It occurred to me later that she was mapping. She was taking the incredible diversity and beauty of a woodland and mapping it to abstraction.  Collecting real-life data from observations and turning them into numbers in an effort to better understand the woodland environment.  

Mapping involves determining the relationship between geographical and Man-made features in terms of distance and elevation, thus creating a replica of an area.    

Modelling is similar. It creates replicas of the world from observational data – for example, the weather, health or the stuff that comes from the particle accelerator at CERN.  No idea what that is, but it does explain the universe, apparently.    

Both mapping and modelling largely involve reducing observations and concepts to numbers and as such help us understand a very complex world.  However, in that reduction we of course lose something. 

The late theoretical physicist David Bohm was on to this, arguing that science had become increasingly preoccupied with mathematical theories of the world. And with the increasing sophistication of mathematical models, science had become unbalanced. Missing the big picture.  Perhaps it’s more comfortable dealing with the apparent certainty of numbers rather than the mystery of reality – my words, not Bohm’s. 

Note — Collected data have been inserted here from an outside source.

lemma subgroupoid_gen_almost_full: "almost_full_on (\<lambda>x y. leq A y x) (subgroupoid_gen A B)"
proof (rule almost_full_on_binary_decomposition[where f = "mult A" and S = "insert (one A) B"])
  show "finite (insert (one A) B)" using finite_base by simp
  show "\<exists>s t. x = mult A s t \<and> s \<in> subgroupoid_gen A B \<and> t \<in> subgroupoid_gen A B
      \<and> level_rank (gen_level A B) s < level_rank (gen_level A B) x
      \<and> level_rank (gen_level A B) t < level_rank (gen_level A B) x"
    if "x \<in> subgroupoid_gen A B" "x \<notin> insert (one A) B" for x
    using subgroupoid_gen_decompose[OF that] .
  show "leq A (mult A s t) y" if "leq A s y" for y s t
    using leq_trans[OF mult_leq_left that] .
  show "leq A (mult A s t) y" if "leq A t y" for y s t
    using leq_trans[OF mult_leq_right that] .
qed (simp_all add: leq_refl mult_mono)

lemma div_closure_almost_full: "almost_full_on (leq A) (div_closure A B)"
proof (rule almost_full_on_unary_decomposition[where f = "\<lambda>k c z. if k then ldiv A c z else rdiv A z c"
      and P = "\<lambda>x y. leq A y x" and C = "subgroupoid_gen A B" and S = B])
  show "\<exists>k c z. x = (if k then ldiv A c z else rdiv A z c) \<and> c \<in> subgroupoid_gen A B
      \<and> z \<in> div_closure A B \<and> level_rank (div_level A B) z < level_rank (div_level A B) x"
    if "x \<in> div_closure A B" "x \<notin> B" for x
    using div_closure_decompose[OF that] .
  show "leq A y (if k then ldiv A c z else rdiv A z c)" if "leq A y z" for y k c z
    using leq_trans[OF that leq_ldiv] leq_trans[OF that leq_rdiv] by simp
qed (simp_all add: leq_refl finite_base subgroupoid_gen_almost_full ldiv_mono rdiv_mono)

end

theorem mainTheorem6:
  fixes A :: "('a, 'b) rlu_groupoid_scheme" and B :: "'a set"
  assumes "is_interior_rlu_groupoid A"
    and "is_integral A"
    and "is_partial_subalgebra A B"
    and "finite B"
  shows "finite (ca_carrier (Fplus (frame_AB A B)))"
proof -
  \<comment> \<open>Only the residuated lattice structure matters: \<open>!\<close> and \<open>K\<close> do not influence which sets are
    closed, and \<open>is_partial_subalgebra\<close> holds for every subset.\<close>
  interpret integral_rlu_groupoid_finite_base A B
    using assms unfolding is_interior_rlu_groupoid_def by unfold_locales auto
  have "finite {{x \<in> subgroupoid_gen A B. leq A x a} | a. a \<in> div_closure A B}"
    using finite_traces_of_principal_downsets[OF leq_trans div_closure_almost_full
        subgroupoid_gen_almost_full] .
  then show ?thesis
    by (rule finite_closed_sets) (use frame_AB_section in blast)
qed

end
(* For all positive integers $m_1,m_2$ there exists an integer sequence $(f_j)_{j\ge0}$ such that for every $j\in\mathbb{Z}_{\ge0}$: (i) $0\le f_j\le m_1+m_2$; (ii) $f_j+j$ is divisible by $m_1$; and (iii) $((f_j-j)\bmod m_2)\in\{0,1,\dots,m_1\}$.
   Context: For integers $a$ and $b>0$, $(a\bmod b)\in\{0,\dots,b-1\}$ denotes the remainder of $a$ upon division by $b$. *)

theory Defs
  imports Main
begin

end

theory Submission
  imports Defs
begin

text \<open>Take \<open>f\<^sub>j = r + s\<close> with \<open>r = j mod m\<^sub>2\<close> and \<open>s \<in> [0, m\<^sub>1)\<close> the residue making
  \<open>r + s + j\<close> divisible by \<open>m\<^sub>1\<close>. Then \<open>f\<^sub>j - j \<equiv> s (mod m\<^sub>2)\<close>, and
  \<open>s mod m\<^sub>2 \<le> s < m\<^sub>1\<close>.\<close>

lemma dvd_add_mod_complement:
  fixes a c m :: "'a :: euclidean_ring_cancel"
  shows "m dvd (a + (- c - a) mod m + c)"
proof -
  have "(a + (- c - a) mod m + c) mod m = (a + (- c - a) + c) mod m"
    by (metis mod_add_left_eq mod_add_right_eq)
  then show ?thesis
    by (simp add: mod_eq_0_iff_dvd)
qed

lemma mod_add_diff_cancel_left:
  fixes c s m :: "'a :: euclidean_ring_cancel"
  shows "(c mod m + s - c) mod m = s mod m"
proof -
  have "(c mod m + s - c) mod m = (c + s - c) mod m"
    by (metis mod_add_left_eq mod_diff_left_eq)
  then show ?thesis
    by simp
qed

lemma exists_bounded_dvd_add_mod_diff:
  fixes m1 m2 j :: int
  assumes "m1 > 0" and "m2 > 0"
  shows "\<exists>f. 0 \<le> f \<and> f \<le> m1 + m2 \<and> m1 dvd (f + j) \<and> (f - j) mod m2 \<in> {0..m1}"
proof -
  define r where "r = j mod m2"
  define s where "s = (- j - r) mod m1"
  have r: "0 \<le> r" "r < m2" and s: "0 \<le> s" "s < m1"
    using assms by (simp_all add: r_def s_def)
  have "m1 dvd (r + s + j)"
    unfolding s_def by (rule dvd_add_mod_complement)
  moreover have "(r + s - j) mod m2 = s mod m2"
    unfolding r_def by (rule mod_add_diff_cancel_left)
  moreover have "s mod m2 \<le> s"
    using s assms by (simp add: zmod_le_nonneg_dividend)
  ultimately show ?thesis
    using r s assms by (intro exI[of _ "r + s"]) (simp add: add.assoc)
qed

theorem lemma16:
  fixes m1 m2 :: int
  assumes "m1 > 0" and "m2 > 0"
  shows "\<exists>f :: nat \<Rightarrow> int. \<forall>j :: nat.
           0 \<le> f j \<and> f j \<le> m1 + m2 \<and>
           m1 dvd (f j + int j) \<and>
           (f j - int j) mod m2 \<in> {0..m1}"
proof (rule choice, rule allI)
  fix j :: nat
  show "\<exists>f. 0 \<le> f \<and> f \<le> m1 + m2 \<and> m1 dvd (f + int j) \<and> (f - int j) mod m2 \<in> {0..m1}"
    using assms by (rule exists_bounded_dvd_add_mod_diff)
qed

end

The weird world of quantum physics, David Bohm’s field,  must be difficult to approach in any way other than mathematics.  But as Bohm suggests, mathematics can only provide a partial, albeit very useful,  picture of the world.  And nowhere is this limitation more problematic than in biology, arguably the most complex of the sciences.    

Take one aspect of biology, medicine.  If you go to your doctor or into a hospital, you will very probably be mapped.  Your GP is likely to request X-rays, scans, or blood tests or possibly the lot. If you go to A &E, you might not see a doctor until blood tests or X-rays have come through. 

Such mapping of course may be essential for your wellbeing, but too much reliance on it can prevent us from seeing reality.  A very experienced neurologist friend of mine once lamented at what he saw as the loss of clinical skills that accompanied the rise in medical technology.   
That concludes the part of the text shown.